You’ll notice that I did not discuss the various draft formats. I’ll attempt to cover that subject in another post since it seems that I have been typing on this topic for a while. Once you pick a format, this may be a differentiator for some managers.
So…, without further delay, the questions that you need to ask yourself when you want to choose a fantasy game are as follows:
1. How important is being part of the “main stream” of fantasy baseball?
a. Important – You should play rotisserie
b. Doesn’t Matter – Go to the next question.
2. What is more important to you – Simplicity or Realism?
a. Simplicity favors weekly formats like rotisserie and point leagues.
b. Realism favors simulation leagues.
c. Doesn’t Matter – Go to the next question.
3. Do you get bored with fantasy baseball within a month of finishing your draft?
a. Yes – You may want to try a more realistic version of fantasy baseball.
b. No – Go to the next question.
4. How long do you want to play – Full Season or Partial Season?
a. Full Season fantasy baseball is the standard for all fantasy baseball formats. Go to the next question.
b. There is only one format that offers a partial season – Simulation Leagues. Baseball Manager offers a lightning version that is 54 games in lieu of the standard 162.

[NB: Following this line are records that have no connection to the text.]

(* In the setting below, let $\varepsilon_0$ and $\lambda_p=\lambda_p(\nu_0,\varepsilon)$ be as in the following fact: there exist $C_0>0$, $\nu_0>1$, $0<\varepsilon_0\le\delta_0$ such that for every $p$ and $0<\varepsilon\le\varepsilon_0$ there is $\lambda_p$ with, for all $\lambda\ge\lambda_p$ and $\sigma=\sum\alpha_i\delta_{a_i}\in B_p(\partial M)$, $\mathcal{E}_g(f_p(\lambda)(\sigma))\le p^{2/n}\mathcal{Y}(S^n_+)$ if some $\alpha_{i_0}/\alpha_{j_0}>\nu_0$ or $\sum_{i\ne j}\varepsilon_{i,j}>\varepsilon$, and $\mathcal{E}_g(f_p(\lambda)(\sigma))\le p^{2/n}\mathcal{Y}(S^n_+)(1+C_0\lambda^{2-n}-c_g(p-1)\lambda^{2-n})$ otherwise. Then there exists $p_0\in\mathbb{N}^*$ such that for every $0<\varepsilon\le\varepsilon_0$ and every $\lambda\ge\lambda_{p_0}$, $f_{p_0}(\lambda)(B_{p_0}(\partial M))\subset W_{p_0-1}$.
   Context: Setting as follows. $(\overline M,g)$ compact, dimension $n\ge6$, $\partial M$ totally geodesic, $\mathcal{Y}(M,\partial M,g)>0$; $\mathcal{E}_g$ the boundary Yamabe functional $\frac{\langle L_gu,u\rangle_{L^2(M)}+\langle B_gu,u\rangle_{L^2(\partial M)}}{(\int_Mu^{2n/(n-2)}dV_g)^{(n-2)/n}}$ on $W^{1,2}_+(\overline M)=\{u\in W^{1,2}(\overline M):u>0\}$, with $L_g=-4\frac{n-1}{n-2}\Delta_g+R_g$, $B_g=\frac{4(n-1)}{n-2}\partial_{n_g}+2(n-1)H_g$; $\mathcal{Y}(S^n_+)$ the Yamabe invariant of the round hemisphere. For $p\in\mathbb{N}$, $W_p=\{u\in W^{1,2}_+(\overline M):\mathcal{E}_g(u)\le(p+1)^{2/n}\mathcal{Y}(S^n_+)\}$. $G$ is the normalized Green's function of $(L_g,B_g)$; $c_1=\int_{\mathbb{R}^n_+}(1+|x|^2)^{-n}dx$, $c_3=\int_{\mathbb{R}^n_+}(1+|x|^2)^{-\frac{n+2}2}dx$, $c_g=\frac{c_3}{4c_1}\min_{x\ne y\in\partial M}G(x,y)>0$, $\varepsilon_{i,j}=c_3(2+\lambda^2G(a_i,a_j)^{\frac2{2-n}})^{-\frac{n-2}2}$. $B_p(\partial M)$ is the set of formal barycenters $\sum_{i=1}^p\alpha_i\delta_{a_i}$ ($a_i\in\partial M$, $\alpha_i\ge0$, $\sum\alpha_i=1$), and $f_p(\lambda)(\sum\alpha_i\delta_{a_i})=\sum\alpha_i\varphi_{a_i,\lambda}$ where $\varphi_{a,\lambda}=u_av_{a,1/\lambda,\lambda^{-2/n}}$ is the conformally rescaled Brendle–Chen bubble centered at $a\in\partial M$ (defined for $\lambda\ge2\delta_0^{-n/2}$, $\delta_0>0$ a fixed small constant). *)

theory Defs
  imports "HOL-Analysis.Analysis"
begin

text \<open>Formal barycenters sum_{i=1..p} alpha_i delta_{a_i}, represented by pairs (alpha, a)
  with alpha_i \<ge> 0, sum alpha_i = 1, a_i in the boundary S.\<close>
definition bary :: "nat \<Rightarrow> 'pt set \<Rightarrow> ((nat \<Rightarrow> real) \<times> (nat \<Rightarrow> 'pt)) set" where
  "bary p S = {(\<alpha>, a). (\<forall>i\<in>{1..p}. \<alpha> i \<ge> 0 \<and> a i \<in> S) \<and> (\<Sum>i=1..p. \<alpha> i) = 1}"

definition fp :: "('pt \<Rightarrow> real \<Rightarrow> 'm \<Rightarrow> real) \<Rightarrow> nat \<Rightarrow> real
     \<Rightarrow> (nat \<Rightarrow> real) \<times> (nat \<Rightarrow> 'pt) \<Rightarrow> ('m \<Rightarrow> real)" where
  "fp phi p lam \<sigma> = (\<lambda>x. \<Sum>i=1..p. fst \<sigma> i * phi (snd \<sigma> i) lam x)"

definition Wset :: "('m \<Rightarrow> real) set \<Rightarrow> (('m \<Rightarrow> real) \<Rightarrow> real) \<Rightarrow> real \<Rightarrow> nat \<Rightarrow> nat
     \<Rightarrow> ('m \<Rightarrow> real) set" where
  "Wset W12 E Y n p = {u \<in> W12. E u \<le> (real p + 1) powr (2 / real n) * Y}"

definition epsij :: "real \<Rightarrow> ('pt \<Rightarrow> 'pt \<Rightarrow> real) \<Rightarrow> nat \<Rightarrow> real \<Rightarrow> (nat \<Rightarrow> 'pt)
     \<Rightarrow> nat \<Rightarrow> nat \<Rightarrow> real" where
  "epsij c3 G n lam a i j =
     c3 * (2 + lam\<^sup>2 * G (a i) (a j) powr (2 / (2 - real n))) powr (- (real n - 2) / 2)"

end

theory Submission
  imports Defs
begin

text \<open>The interaction term \<open>-c_g (p - 1) \<lambda>^(2-n)\<close> grows linearly in the number \<open>p\<close>
  of bubbles, whereas the error term \<open>C_0 \<lambda>^(2-n)\<close> does not depend on \<open>p\<close>. Once
  \<open>c_g (p_0 - 1) > C_0\<close>, the correction factor in the second alternative is at most \<open>1\<close>, so in
  both alternatives the energy is at most \<open>p_0^(2/n) Y(S^n_+)\<close>, the threshold defining
  \<open>W_(p_0-1)\<close>.\<close>

lemma ex_nat_interaction_dominates:
  fixes c C :: real
  assumes "c > 0"
  shows "\<exists>p \<ge> 1. C < c * (real p - 1)"
proof -
  obtain k :: nat where "C / c < real k"
    using reals_Archimedean2 by blast
  then have "C < c * (real (k + 1) - 1)"
    using assms by (simp add: field_simps)
  then show ?thesis
    by (intro exI[of _ "k + 1"]) simp
qed

lemma le_of_le_mult_correction_factor:
  fixes x A C c p t :: real
  assumes bound: "x \<le> A * (1 + C * t - c * (p - 1) * t)"
    and "A \<ge> 0" and "t > 0" and "C < c * (p - 1)"
  shows "x \<le> A"
proof -
  have "C * t < c * (p - 1) * t"
    using assms(3,4) by simp
  then have "A * (1 + C * t - c * (p - 1) * t) \<le> A * 1"
    using assms(2) by (intro mult_left_mono) auto
  then show ?thesis
    using bound by simp
qed

lemma mem_Wset_pred_iff:
  assumes "p \<ge> 1"
  shows "u \<in> Wset W12 E Y n (p - 1) \<longleftrightarrow> u \<in> W12 \<and> E u \<le> real p powr (2 / real n) * Y"
  using assms by (simp add: Wset_def of_nat_diff)

theorem corollary3p3:
  fixes E :: "('m \<Rightarrow> real) \<Rightarrow> real"
    and W12 :: "('m \<Rightarrow> real) set"
    and dM :: "'pt set"
    and phi :: "'pt \<Rightarrow> real \<Rightarrow> 'm \<Rightarrow> real"
    and G :: "'pt \<Rightarrow> 'pt \<Rightarrow> real"
    and Y c1 c3 cg \<delta>0 C0 \<nu>0 \<epsilon>0 :: real
    and n :: nat
    and lamp :: "nat \<Rightarrow> real \<Rightarrow> real"
  assumes n6: "n \<ge> 6"
    and Ypos: "Y > 0"
    and c1pos: "c1 > 0" and c3pos: "c3 > 0"
    and cg_def: "cg = c3 / (4 * c1) * Inf {G x y | x y. x \<in> dM \<and> y \<in> dM \<and> x \<noteq> y}"
    and cgpos: "cg > 0"
    and \<delta>0pos: "\<delta>0 > 0"
    and f_in_W12: "\<And>p lam \<sigma>. p \<ge> 1 \<Longrightarrow> lam \<ge> 2 * \<delta>0 powr (- real n / 2) \<Longrightarrow>
                     \<sigma> \<in> bary p dM \<Longrightarrow> fp phi p lam \<sigma> \<in> W12"
    and C0pos: "C0 > 0" and \<nu>0gt: "\<nu>0 > 1"
    and \<epsilon>0pos: "0 < \<epsilon>0" and \<epsilon>0le: "\<epsilon>0 \<le> \<delta>0"
    and fact: "\<And>p \<epsilon>. p \<ge> 1 \<Longrightarrow> 0 < \<epsilon> \<Longrightarrow> \<epsilon> \<le> \<epsilon>0 \<Longrightarrow>
        lamp p \<epsilon> \<ge> 2 * \<delta>0 powr (- real n / 2) \<and>
        (\<forall>lam \<ge> lamp p \<epsilon>. \<forall>\<alpha> a. (\<alpha>, a) \<in> bary p dM \<longrightarrow>
           (((\<exists>i\<in>{1..p}. \<exists>j\<in>{1..p}. \<alpha> i > \<nu>0 * \<alpha> j)
              \<or> (\<Sum>i=1..p. \<Sum>j\<in>{1..p} - {i}. epsij c3 G n lam a i j) > \<epsilon>)
             \<longrightarrow> E (fp phi p lam (\<alpha>, a)) \<le> real p powr (2 / real n) * Y)
         \<and> (\<not> ((\<exists>i\<in>{1..p}. \<exists>j\<in>{1..p}. \<alpha> i > \<nu>0 * \<alpha> j)
              \<or> (\<Sum>i=1..p. \<Sum>j\<in>{1..p} - {i}. epsij c3 G n lam a i j) > \<epsilon>)
             \<longrightarrow> E (fp phi p lam (\<alpha>, a)) \<le> real p powr (2 / real n) * Y
                 * (1 + C0 * lam powr (2 - real n) - cg * (real p - 1) * lam powr (2 - real n))))"
  shows "\<exists>p0 \<ge> 1. \<forall>\<epsilon>. 0 < \<epsilon> \<and> \<epsilon> \<le> \<epsilon>0 \<longrightarrow>
           (\<forall>lam \<ge> lamp p0 \<epsilon>. fp phi p0 lam ` bary p0 dM \<subseteq> Wset W12 E Y n (p0 - 1))"
proof -
  obtain p0 where p0: "p0 \<ge> 1" and dominates: "C0 < cg * (real p0 - 1)"
    using ex_nat_interaction_dominates[OF cgpos] by blast
  have "fp phi p0 lam (\<alpha>, a) \<in> Wset W12 E Y n (p0 - 1)"
    if \<epsilon>: "0 < \<epsilon>" "\<epsilon> \<le> \<epsilon>0" and lam: "lam \<ge> lamp p0 \<epsilon>" and \<sigma>: "(\<alpha>, a) \<in> bary p0 dM"
    for \<epsilon> lam \<alpha> a
  proof -
    note bounds = fact[OF p0 \<epsilon>]
    have lam_min: "lam \<ge> 2 * \<delta>0 powr (- real n / 2)"
      using bounds lam by linarith
    have "\<delta>0 powr (- real n / 2) > 0"
      using \<delta>0pos by simp
    then have "lam > 0"
      using lam_min by linarith
    then have "lam powr (2 - real n) > 0"
      by simp
    moreover have "real p0 powr (2 / real n) * Y \<ge> 0"
      using Ypos by simp
    moreover have "E (fp phi p0 lam (\<alpha>, a)) \<le> real p0 powr (2 / real n) * Y
        \<or> E (fp phi p0 lam (\<alpha>, a)) \<le> real p0 powr (2 / real n) * Y
             * (1 + C0 * lam powr (2 - real n) - cg * (real p0 - 1) * lam powr (2 - real n))"
      using bounds[THEN conjunct2, rule_format, OF lam \<sigma>] by blast
    ultimately have "E (fp phi p0 lam (\<alpha>, a)) \<le> real p0 powr (2 / real n) * Y"
      using le_of_le_mult_correction_factor dominates by blast
    then show ?thesis
      using mem_Wset_pred_iff[OF p0] f_in_W12[OF p0 lam_min \<sigma>] by blast
  qed
  then show ?thesis
    using p0 by (intro exI[of _ p0]) (auto simp: image_subset_iff)
qed

end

5. How important is the level of competition that you play?
a. If you want to play the very best competition, you have three choices.
(1). Rotisserie winner leagues – Some sites allow managers who win within a public league to play in a winner league the next year.
(2). Money leagues – Managers typically only put big money into a league when they are serious about winning. Almost every format has money leagues.
(3). Progression Leagues – This is unique to the Baseball Manager Simulation leagues. In essence this is a fantasy pyramid scheme. There is one Tier 1 league, two Tier 2 leagues, four Tier 3 leagues, etc. If a manager wins a lower level league they are promoted to a higher tier the next year. The two bottom managers at the end of each year in each league are demoted to a lower tier. This is the only format I have played that has consequences for winners and losers. As a result, I have never seen an abandoned team in a progression league.
b. If you just want to win, public rotisserie and point leagues may be your best choice. Many of these sites suffer from abandoned teams and only a handful of quality managers per league. But, winning is certainly much easier in these formats.
c. If you really don’t care or you just want to have fun, you may want to go back and consider one of the other questions when choosing your type of league. You can always find a group of friends to play any format if fun is your goal.
I’m hoping these questions help you choose the fantasy baseball format that best fits your interests. Feel free to offer comments if there are other things that you found important when making your choice of formats.